• [DIRECTIONS FOR THIS TASK]: Lines of the listing below that contain the string "CollectI" are to be returned.
══ EXERCISE MATERIALS
lemma exists_annihilating_blinfun_bidual_large:
  fixes \<phi> :: "('a::real_normed_vector \<Rightarrow>\<^sub>L real) \<Rightarrow>\<^sub>L real"
  assumes \<theta>: "\<theta> \<ge> 0" and far: "\<And>x. \<exists>f. \<theta> * norm f < \<bar>\<phi> f - f x\<bar>" and E: "finite E"
  shows "\<exists>f :: 'a \<Rightarrow>\<^sub>L real. norm f \<le> 1 \<and> (\<forall>e\<in>E. blinfun_apply f e = 0) \<and> \<theta> < \<phi> f"
proof (rule ccontr)
  assume small: "\<not> ?thesis"
  have "\<phi> f \<le> \<theta> * norm f" if "\<forall>e\<in>E. blinfun_apply f e = 0" for f :: "'a \<Rightarrow>\<^sub>L real"
  proof (cases "f = 0")
    case False
    have "norm (inverse (norm f) *\<^sub>R f) \<le> 1"
      and "\<forall>e\<in>E. blinfun_apply (inverse (norm f) *\<^sub>R f) e = 0"
      using that False by (simp_all add: blinfun.scaleR_left)
    then have "\<phi> (inverse (norm f) *\<^sub>R f) \<le> \<theta>" using small by (meson not_le)
    then show ?thesis using False by (simp add: blinfun.scaleR_right field_simps)
  qed simp
  then obtain x where "\<And>f. \<bar>\<phi> f - f x\<bar> \<le> \<theta> * norm f"
    using bidual_near_evaluation_if_bounded_on_annihilator[OF \<theta> E] by blast
  then show False using far[of x] by (meson not_le)
qed

section \<open>Weak topology and James sequences\<close>

lemma openin_weak_topology_vimage:
  fixes f :: "'a::real_normed_vector \<Rightarrow> real"
  assumes "bounded_linear f" "open U"
  shows "openin weak_topology (f -` U)"
  unfolding weak_topology_def by (rule topology_generated_by_Basis) (use assms in blast)

lemma topspace_weak_topology [simp]: "topspace (weak_topology :: 'a::real_normed_vector topology) = UNIV"
proof -
  have "openin weak_topology ((\<lambda>_::'a. 0::real) -` UNIV)"
    by (rule openin_weak_topology_vimage) (simp_all add: bounded_linear_zero)
  then show ?thesis using openin_subset by fastforce
qed

lemma closedin_weak_topology_halfspace:
  fixes f :: "'a::real_normed_vector \<Rightarrow> real"
  assumes "bounded_linear f"
  shows "closedin weak_topology {z. c \<le> f z}"
proof -
  have "openin weak_topology (f -` {..<c})" by (rule openin_weak_topology_vimage[OF assms]) simp
  moreover have "f -` {..<c} = UNIV - {z. c \<le> f z}" by auto
  ultimately show ?thesis by (simp add: closedin_def)
qed

lemma weak_closure_of_subset_closure_span:
  fixes A :: "'a::real_normed_vector set"
  shows "weak_topology closure_of A \<subseteq> closure (span A)"
proof
  fix z assume z: "z \<in> weak_topology closure_of A"
  show "z \<in> closure (span A)"
  proof (rule ccontr)
    assume "z \<notin> closure (span A)"
    moreover have "span A \<noteq> {}" using span_zero by blast
    ultimately have "infdist z (span A) \<noteq> 0" using in_closure_iff_infdist_zero by blast
    then have pos: "infdist z (span A) > 0" using infdist_nonneg[of z "span A"] by linarith
    obtain f :: "'a \<Rightarrow>\<^sub>L real" where f: "\<And>y. y \<in> span A \<Longrightarrow> f y = 0" "f z = infdist z (span A)"
      using exists_blinfun_eq_infdist[OF subspace_span, of A z] by blast
    have "openin weak_topology (f -` {0<..})"
      by (rule openin_weak_topology_vimage) (simp_all add: blinfun.bounded_linear_right)
    moreover have "z \<in> f -` {0<..}" using pos f(2) by simp
    ultimately obtain a where "a \<in> A" "a \<in> f -` {0<..}" using z unfolding in_closure_of by metis
    then show False using f(1)[OF span_base] by simp
  qed
qed

lemma compactin_closure_of_imp_cluster_point:
  fixes x :: "nat \<Rightarrow> 'a"
  assumes "compactin X (X closure_of S)" and "range x \<subseteq> S" and "S \<subseteq> topspace X"
  obtains z where "\<And>m. z \<in> X closure_of (x ` {m..})"
proof -
  define T where "T m = X closure_of (x ` {m..})" for m
  have "x k \<in> T m" if "m \<le> k" for m k
    unfolding T_def by (rule subsetD[OF closure_of_subset]) (use that assms(2,3) in auto)
  moreover have "x k \<in> X closure_of S" for k
    using assms(2,3) closure_of_subset by blast
  ultimately have fip: "(X closure_of S) \<inter> \<Inter>\<F> \<noteq> {}" if F: "finite \<F>" "\<F> \<subseteq> range T" for \<F>
  proof -
    obtain M :: "nat set" where M: "finite M" "\<F> = T ` M" using finite_subset_image[OF F] by blast
    define k where "k = (if M = {} then 0 else Max M)"
    have "m \<le> k" if "m \<in> M" for m using M(1) that by (auto simp: k_def)
    then have "x k \<in> (X closure_of S) \<inter> \<Inter>\<F>"
      using M(2) \<open>\<And>m k. m \<le> k \<Longrightarrow> x k \<in> T m\<close> \<open>\<And>k. x k \<in> X closure_of S\<close> by blast
    then show ?thesis by blast
  qed
  have "\<forall>C\<in>range T. closedin X C" unfolding T_def by simp
  then have "(X closure_of S) \<inter> \<Inter>(range T) \<noteq> {}"
    using assms(1) fip unfolding compactin_fip by blast
  then show ?thesis using that unfolding T_def by blast
qed

lemma span_eventually_annihilated:
  fixes x :: "nat \<Rightarrow> 'a::real_normed_vector" and f :: "nat \<Rightarrow> 'a \<Rightarrow>\<^sub>L real"
  assumes vanish: "\<And>i k. k < i \<Longrightarrow> f i (x k) = 0" and y: "y \<in> span (range x)"
  obtains m where "\<And>i. i \<ge> m \<Longrightarrow> f i y = 0"
proof -
  define V where "V = {w. \<exists>m. \<forall>i\<ge>m. f i w = 0}"
  have "span (range x) \<subseteq> V"
  proof (rule span_minimal)
    show "range x \<subseteq> V"
    proof
      fix w assume "w \<in> range x"
      then obtain k where "w = x k" by blast
      then show "w \<in> V" unfolding V_def by (intro CollectI exI[of _ "Suc k"]) (simp add: vanish)
    qed
    show "subspace V"
    proof (rule subspaceI)
      show "0 \<in> V" unfolding V_def by simp
      fix a b assume "a \<in> V" "b \<in> V"
      then obtain ma mb where "\<forall>i\<ge>ma. f i a = 0" "\<forall>i\<ge>mb. f i b = 0" unfolding V_def by blast
      then show "a + b \<in> V"
        unfolding V_def by (intro CollectI exI[of _ "max ma mb"]) (simp add: blinfun.add_right)
    next
      fix c a assume "a \<in> V"
      then show "c *\<^sub>R a \<in> V" unfolding V_def by (auto simp: blinfun.scaleR_right)
    qed
  qed
  then show ?thesis using y that unfolding V_def by blast
qed

lemma not_relatively_weakly_compact_if_James_sequence:
  fixes x :: "nat \<Rightarrow> 'a::real_normed_vector" and f :: "nat \<Rightarrow> 'a \<Rightarrow>\<^sub>L real"
  assumes \<theta>: "\<theta> > 0"
    and vanish: "\<And>i k. k < i \<Longrightarrow> f i (x k) = 0"
    and large: "\<And>i k. i \<le> k \<Longrightarrow> \<theta> \<le> f i (x k)"
    and norm_f: "\<And>i. norm (f i) \<le> 1"
    and S: "range x \<subseteq> S"
  shows "\<not> relatively_weakly_compact S"
proof
  assume "relatively_weakly_compact S"
  then obtain z where z: "\<And>m. z \<in> weak_topology closure_of (x ` {m..})"
    unfolding relatively_weakly_compact_def by (rule compactin_closure_of_imp_cluster_point[OF _ S]) auto
  have z_large: "\<theta> \<le> f i z" for i
  proof -
    have "weak_topology closure_of (x ` {i..}) \<subseteq> {z. \<theta> \<le> f i z}"
      by (rule closure_of_minimal)
        (use large in \<open>auto intro: closedin_weak_topology_halfspace blinfun.bounded_linear_right\<close>)
    then show ?thesis using z[of i] by blast
  qed
  have "z \<in> closure (span (range x))"
    using z[of 0] weak_closure_of_subset_closure_span[of "range x"] by (auto simp: atLeast_0)
  then obtain y where y: "y \<in> span (range x)" "norm (z - y) < \<theta>"
    using \<theta> by (auto simp: closure_approachable dist_norm norm_minus_commute)
  obtain m where "\<And>i. i \<ge> m \<Longrightarrow> f i y = 0"
    using span_eventually_annihilated[of f x, OF vanish y(1)] by blast
  then have "f m y = 0" by simp
  then have "f m z = f m (z - y)" by (simp add: blinfun.diff_right)
  also have "\<dots> \<le> norm (f m) * norm (z - y)" using norm_blinfun[of "f m" "z - y"] by simp
  also have "\<dots> \<le> norm (z - y)" using norm_f[of m] by (simp add: mult_left_le_one_le)
  finally show False using z_large[of m] y(2) by linarith
qed

section \<open>Overcomplete sets\<close>

lemma countable_iff_ordIso:
  assumes "(card_of A, card_of B) \<in> ordIso"
  shows "countable A \<longleftrightarrow> countable B"
proof -
  have "(card_of A, card_of B) \<in> ordLeq" "(card_of B, card_of A) \<in> ordLeq"
    using assms unfolding ordIso_iff_ordLeq by auto
  then show ?thesis using countable_ordLeq by metis
qed

lemma card_of_Un_countable_ordIso:
  assumes A: "\<not> countable A" and B: "countable B"
  shows "(card_of (A \<union> B), card_of A) \<in> ordIso"
proof -
  have A_inf: "\<not> finite A" using A countable_finite by blast
  have "(card_of B, card_of (UNIV :: nat set)) \<in> ordLeq" using B countable_card_of_nat by blast
  also have "(card_of (UNIV :: nat set), card_of A) \<in> ordLeq" using A_inf infinite_iff_card_of_nat by blast
  finally have "(card_of B, card_of A) \<in> ordLeq" .
  moreover have "(card_of A, card_of A) \<in> ordLeq" by (rule ordLeq_refl[OF card_of_Card_order])
  ultimately have "(card_of (A \<union> B), card_of A) \<in> ordLeq"
    using card_of_Un_ordLeq_infinite_Field[of "card_of A" A B] A_inf
    by (simp add: Field_card_of card_of_Card_order card_of_card_order_on)
  moreover have "(card_of A, card_of (A \<union> B)) \<in> ordLeq" by (rule card_of_mono1) blast
  ultimately show ?thesis unfolding ordIso_iff_ordLeq by blast
qed

lemma card_of_Int_ordIso_if_Un_countable:
  assumes A: "\<not> countable A" and B: "countable B" and L: "L \<subseteq> A \<union> B"
    and iso: "(card_of L, card_of (A \<union> B)) \<in> ordIso"
  shows "(card_of (L \<inter> A), card_of A) \<in> ordIso"
proof -
  have L_iso: "(card_of L, card_of A) \<in> ordIso"
    using ordIso_transitive[OF iso card_of_Un_countable_ordIso[OF A B]] .
  have L_split: "(L \<inter> A) \<union> (L \<inter> B) = L" using L by blast
  have LB: "countable (L \<inter> B)" using B by (rule countable_subset[rotated]) blast
  moreover have "\<not> countable (L \<inter> A)"
  proof
    assume "countable (L \<inter> A)"
    then have "countable L" using LB L_split countable_Un by metis
    then show False using countable_iff_ordIso[OF L_iso] A by blast
  qed
  ultimately have "(card_of L, card_of (L \<inter> A)) \<in> ordIso"
    using card_of_Un_countable_ordIso[of "L \<inter> A" "L \<inter> B"] L_split by simp
  then show ?thesis using ordIso_transitive[OF ordIso_symmetric L_iso] by blast
qed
════
• [SOLUTION TO THE PROBLEM]:
      then show "w \<in> V" unfolding V_def by (intro CollectI exI[of _ "Suc k"]) (simp add: vanish)
        unfolding V_def by (intro CollectI exI[of _ "max ma mb"]) (simp add: blinfun.add_right)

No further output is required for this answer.